Please reproduce all of the lines below, word for word and in full.

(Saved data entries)
____
(* Let $X$ be a Banach space and $(x_n)_{n\in\mathbb{N}}$ a sequence in $X$ with $\liminf_n \|x_n\|=0$, and let $\mathcal{I}$ be an ideal on $\mathbb{N}$ with the Baire property. Suppose that there exists $s\in S$ such that $\left(\sum_{i=1}^n x_{s(i)}\right)_n$ is unbounded (equivalently, there exists $p\in P$ such that $\left(\sum_{i=1}^n x_{p(i)}\right)_n$ is unbounded). Then the sets $E(\mathcal{I},(x_n))=\left\{s \in S : \left(\sum_{i=1}^n x_{s(i)}\right)_n \text{ is } \mathcal{I}\text{-bounded}\right\}$ and $F(\mathcal{I},(x_n))=\left\{p \in P : \left(\sum_{i=1}^n x_{p(i)}\right)_n \text{ is } \mathcal{I}\text{-bounded}\right\}$ are meager in $S$ and $P$, respectively.
   Context: An ideal on $\mathbb{N}$ is a family $\mathcal{I}\subset \mathcal{P}(\mathbb{N})$ with $\emptyset\in\mathcal{I}$, closed under finite unions and subsets, with $\mathbb{N}\notin\mathcal{I}$ and containing all finite subsets of $\mathbb{N}$. Identifying $\mathcal{P}(\mathbb{N})$ with $\{0,1\}^{\mathbb{N}}$ (product topology), $\mathcal{I}$ has the Baire property if it is the symmetric difference of an open set and a meager set. A sequence $(y_n)$ in a normed space is $\mathcal{I}$-bounded if there is $M>0$ with $\{n\in\mathbb{N} : \|y_n\|>M\}\in\mathcal{I}$. $S=\{s\in\mathbb{N}^{\mathbb{N}} : s \text{ strictly increasing}\}$, $P=\{p\in\mathbb{N}^{\mathbb{N}} : p \text{ a bijection of }\mathbb{N}\}$, with the subspace topology of $\mathbb{N}^{\mathbb{N}}$ (product of discrete spaces). *)

theory Defs
  imports "HOL-Analysis.Analysis"
begin

definition nowhere_dense_in :: "'a topology \<Rightarrow> 'a set \<Rightarrow> bool" where
  "nowhere_dense_in T A \<longleftrightarrow> A \<subseteq> topspace T \<and> T interior_of (T closure_of A) = {}"

definition meager_in :: "'a topology \<Rightarrow> 'a set \<Rightarrow> bool" where
  "meager_in T A \<longleftrightarrow> A \<subseteq> topspace T \<and>
     (\<exists>F :: nat \<Rightarrow> 'a set. (\<forall>n. nowhere_dense_in T (F n)) \<and> A \<subseteq> (\<Union>n. F n))"

definition has_Baire_property_in :: "'a topology \<Rightarrow> 'a set \<Rightarrow> bool" where
  "has_Baire_property_in T A \<longleftrightarrow>
     (\<exists>U M. openin T U \<and> meager_in T M \<and> A = (U - M) \<union> (M - U))"

definition cantor_top :: "(nat \<Rightarrow> bool) topology" where
  "cantor_top = product_topology (\<lambda>_. discrete_topology UNIV) UNIV"

definition baire_top :: "(nat \<Rightarrow> nat) topology" where
  "baire_top = product_topology (\<lambda>_. discrete_topology UNIV) UNIV"

definition is_ideal :: "nat set set \<Rightarrow> bool" where
  "is_ideal I \<longleftrightarrow> {} \<in> I \<and> (\<forall>A\<in>I. \<forall>B\<in>I. A \<union> B \<in> I) \<and>
     (\<forall>A\<in>I. \<forall>B. B \<subseteq> A \<longrightarrow> B \<in> I) \<and> UNIV \<notin> I \<and> (\<forall>A. finite A \<longrightarrow> A \<in> I)"

text \<open>Identification of \<open>P(\<nat>)\<close> with \<open>{0,1}^\<nat>\<close> via characteristic functions.\<close>
definition ideal_Baire_property :: "nat set set \<Rightarrow> bool" where
  "ideal_Baire_property I \<longleftrightarrow> has_Baire_property_in cantor_top ((\<lambda>A n. n \<in> A) ` I)"

definition I_bounded :: "nat set set \<Rightarrow> (nat \<Rightarrow> 'a::real_normed_vector) \<Rightarrow> bool" where
  "I_bounded I y \<longleftrightarrow> (\<exists>M>0. {n. norm (y n) > M} \<in> I)"

definition incr_seqs :: "(nat \<Rightarrow> nat) set" where
  "incr_seqs = {s. strict_mono s}"

definition perms_nat :: "(nat \<Rightarrow> nat) set" where
  "perms_nat = {p. bij p}"

end

theory Submission
  imports Defs
begin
____
EXERCISE RESULT
(* Let $X$ be a Banach space and $(x_n)_{n\in\mathbb{N}}$ a sequence in $X$ with $\liminf_n \|x_n\|=0$, and let $\mathcal{I}$ be an ideal on $\mathbb{N}$ with the Baire property. Suppose that there exists $s\in S$ such that $\left(\sum_{i=1}^n x_{s(i)}\right)_n$ is unbounded (equivalently, there exists $p\in P$ such that $\left(\sum_{i=1}^n x_{p(i)}\right)_n$ is unbounded). Then the sets $E(\mathcal{I},(x_n))=\left\{s \in S : \left(\sum_{i=1}^n x_{s(i)}\right)_n \text{ is } \mathcal{I}\text{-bounded}\right\}$ and $F(\mathcal{I},(x_n))=\left\{p \in P : \left(\sum_{i=1}^n x_{p(i)}\right)_n \text{ is } \mathcal{I}\text{-bounded}\right\}$ are meager in $S$ and $P$, respectively.
   Context: An ideal on $\mathbb{N}$ is a family $\mathcal{I}\subset \mathcal{P}(\mathbb{N})$ with $\emptyset\in\mathcal{I}$, closed under finite unions and subsets, with $\mathbb{N}\notin\mathcal{I}$ and containing all finite subsets of $\mathbb{N}$. Identifying $\mathcal{P}(\mathbb{N})$ with $\{0,1\}^{\mathbb{N}}$ (product topology), $\mathcal{I}$ has the Baire property if it is the symmetric difference of an open set and a meager set. A sequence $(y_n)$ in a normed space is $\mathcal{I}$-bounded if there is $M>0$ with $\{n\in\mathbb{N} : \|y_n\|>M\}\in\mathcal{I}$. $S=\{s\in\mathbb{N}^{\mathbb{N}} : s \text{ strictly increasing}\}$, $P=\{p\in\mathbb{N}^{\mathbb{N}} : p \text{ a bijection of }\mathbb{N}\}$, with the subspace topology of $\mathbb{N}^{\mathbb{N}}$ (product of discrete spaces). *)

theory Defs
  imports "HOL-Analysis.Analysis"
begin

definition nowhere_dense_in :: "'a topology \<Rightarrow> 'a set \<Rightarrow> bool" where
  "nowhere_dense_in T A \<longleftrightarrow> A \<subseteq> topspace T \<and> T interior_of (T closure_of A) = {}"

definition meager_in :: "'a topology \<Rightarrow> 'a set \<Rightarrow> bool" where
  "meager_in T A \<longleftrightarrow> A \<subseteq> topspace T \<and>
     (\<exists>F :: nat \<Rightarrow> 'a set. (\<forall>n. nowhere_dense_in T (F n)) \<and> A \<subseteq> (\<Union>n. F n))"

definition has_Baire_property_in :: "'a topology \<Rightarrow> 'a set \<Rightarrow> bool" where
  "has_Baire_property_in T A \<longleftrightarrow>
     (\<exists>U M. openin T U \<and> meager_in T M \<and> A = (U - M) \<union> (M - U))"

definition cantor_top :: "(nat \<Rightarrow> bool) topology" where
  "cantor_top = product_topology (\<lambda>_. discrete_topology UNIV) UNIV"

definition baire_top :: "(nat \<Rightarrow> nat) topology" where
  "baire_top = product_topology (\<lambda>_. discrete_topology UNIV) UNIV"

definition is_ideal :: "nat set set \<Rightarrow> bool" where
  "is_ideal I \<longleftrightarrow> {} \<in> I \<and> (\<forall>A\<in>I. \<forall>B\<in>I. A \<union> B \<in> I) \<and>
     (\<forall>A\<in>I. \<forall>B. B \<subseteq> A \<longrightarrow> B \<in> I) \<and> UNIV \<notin> I \<and> (\<forall>A. finite A \<longrightarrow> A \<in> I)"

text \<open>Identification of \<open>P(\<nat>)\<close> with \<open>{0,1}^\<nat>\<close> via characteristic functions.\<close>
definition ideal_Baire_property :: "nat set set \<Rightarrow> bool" where
  "ideal_Baire_property I \<longleftrightarrow> has_Baire_property_in cantor_top ((\<lambda>A n. n \<in> A) ` I)"

definition I_bounded :: "nat set set \<Rightarrow> (nat \<Rightarrow> 'a::real_normed_vector) \<Rightarrow> bool" where
  "I_bounded I y \<longleftrightarrow> (\<exists>M>0. {n. norm (y n) > M} \<in> I)"

definition incr_seqs :: "(nat \<Rightarrow> nat) set" where
  "incr_seqs = {s. strict_mono s}"

definition perms_nat :: "(nat \<Rightarrow> nat) set" where
  "perms_nat = {p. bij p}"

end

theory Submission
  imports Defs
begin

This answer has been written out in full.